Now transitioning into my primary PhD project, it represents my proudest project as I worked on the project from start to beginning – experimentally establishing the cell-lines, genome editors, high-throughput screening approach, experimental design, etc., computationally establishing the analytical framework, and scientifically leading next-steps on exploring biological results or therapeutic opportunities.. In fact, by having knowledge in both the experimentation and computation, this leads to better informed experimental design (due to predicting the computational/statistical analysis and understanding what leads to higher statistical power) and better computational analysis (due to better understanding of the underlying data and possible confounders/noise). Additionally, by being directly involved in the entire scope of the project, this leads to being ruthlessly "results-oriented", i.e. performing the experiments necessary to answer the most interesting scientific questions and performing the analysis required to answer the scientific question, in contrast to doing unnecessary/ill-designed experiments or doing unnecessary computational analysis (or analysis that provides minor benefit to answering any scientific question). Therefore, this project represents my ultimate scientific demonstration, with full understanding across the entire scope leveraging my entire background in biology (for biological interpretation and experimentation), computer science and mathematics (for methods development), and software engineering (for tool development) to identify novel regulatory mechanisms of fetal hemoglobin induction and therapeutic genome editing strategies for sickle-cell disease and beta-thalassemia. Unfortunately this project is not published yet and contains confidential results regarding the therapeutics, therefore only brief details of the project will be given.

Project Description

Image

Schematic of multi-modal framework for dissecting the fetal hemoglobin regulatory sequences.

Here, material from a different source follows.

(* Let $K$ be a Kan complex, $v\in K_0$ a vertex and $n\geq1$. Then the homotopy monoid $\tau_n(\mathrm{th}_0(K),v)$ (with the multiplication defined in the context) is a group, and it coincides, as a group, with the simplicial homotopy group $\pi_n(K,v)$.
   Context: A stratified simplicial set is a pair $(X,tX)$ where $X$ is a simplicial set and $tX$ is a set of simplices of $X$ (thin simplices) containing all degenerate simplices and no $0$-simplices; stratified maps are simplicial maps preserving thin simplices. For a Kan complex $K$, $\mathrm{th}_0(K)$ denotes the stratified simplicial set $(K,\bigcup_{m\ge1}K_m)$ (all simplices of positive dimension thin); it is a weak complicial set. For $n\ge1$, $\Delta[n]_t$ is $\Delta[n]$ with thin simplices the degenerate ones and $\mathrm{Id}_{[n]}$. For $k\in[n]$, $\Delta^k[n]$ is $\Delta[n]$ with thin simplices the degenerate ones and all $\alpha:[m]\to[n]$ with $\{k-1,k,k+1\}\cap[n]\subset\mathrm{Im}(\alpha)$. The product $X\circledast Y$ has underlying simplicial set $X\times Y$, with $(x,y)$ thin iff $x$ and $y$ are thin. For stratified maps $f,g:A\to X$ and an inclusion $B\hookrightarrow A$ with $f|_B=g|_B$, $f\sim_B g$ means there is a stratified map $H:A\circledast\Delta[1]_t\to X$ with $H|_{A\times\{0\}}=f$, $H|_{A\times\{1\}}=g$ and $H|_{B\circledast\Delta[1]_t}=f|_B\circ\mathrm{proj}_B$; $n$-simplices are regarded as stratified maps from $\Delta[n]$ with only degenerate simplices thin. For a weak complicial set $X$, vertex $x$, and $n\ge1$, $\tau_n(X,x)$ is the set of $\sim_{\partial\Delta[n]}$-classes of $n$-simplices $\alpha$ whose restriction to $\partial\Delta[n]$ is constant at $x$, with multiplication $[\alpha][\beta]=[d_n\theta]$ where $\theta:\Delta^n[n+1]\to X$ is any stratified map with $d_{n-1}\theta=\alpha$, $d_{n+1}\theta=\beta$, and $d_i\theta$ constant at $x$ for $i\notin\{n-1,n,n+1\}$; this is a monoid with unit the class of the constant simplex at $x$. *)

theory Defs
  imports "HOL-Algebra.Group"
begin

Transcriptional regulation by non-coding elements and their associated DNA-binding transcription factors (TFs) control the developmental transition from fetal to adult hemoglobin – commonly referred to as “hemoglobin switching”. The reactivation of fetal hemoglobin (HbF) has emerged as a therapeutic avenue for β-hemoglobinopathies such as sickle cell disease and β-thalassemia. Delineating the cis-regulatory logic of sequences governing HBG1 and HBG2, the genes encoding the γ-globin chains of HbF, is essential for understanding hemoglobin switching and developing more effective treatments. While population genetics studies have pinpointed single-nucleotide variants (SNVs) linked to HbF induction, this approach is limited to naturally occurring variation, preventing a comprehensive view of causal regulatory elements. To overcome this limitation, we have performed a systematic comparison of multiple mutagenesis approaches on HbF regulatory sequences in immortalized erythroid progenitors (HUDEP-2) to elucidate the variant-level cis-regulatory logic and corresponding TF binding sites underpinning HbF induction. Specifically, we integrated four complementary approaches: in-situ dense adenine- (ABE8e-SpRY) and dual- (TadDE-SpRY) base-editing mutagenesis, in-situ prime-editing saturation mutagenesis, ex-situ massively parallel reporter assay (MPRA) saturation mutagenesis, and in-silico ChromBPNet saturation mutagenesis. These approaches were performed on the HBG1/2 promoters, BCL11A +55 kb enhancer, and BCL11A +58 kb enhancer given their therapeutic relevance for potent HbF reinduction. This multi-modal screening strategy identified several novel insights into hemoglobin switching and identified multiple novel therapeutic editing strategies. This comprehensive functional mapping obtained across multiple modalities establishes an example of the strengths, weaknesses, and opportunities to combine in situ, ex situ, and in silico approaches to determine the function of regulatory elements as well as provide an optimized therapeutic roadmap for gene therapies.

Image

Example of multi-modality results on BCL11A +58 enhancer. Not showing BCL11A +55 and HBG2 Promoter results due to confidentiality.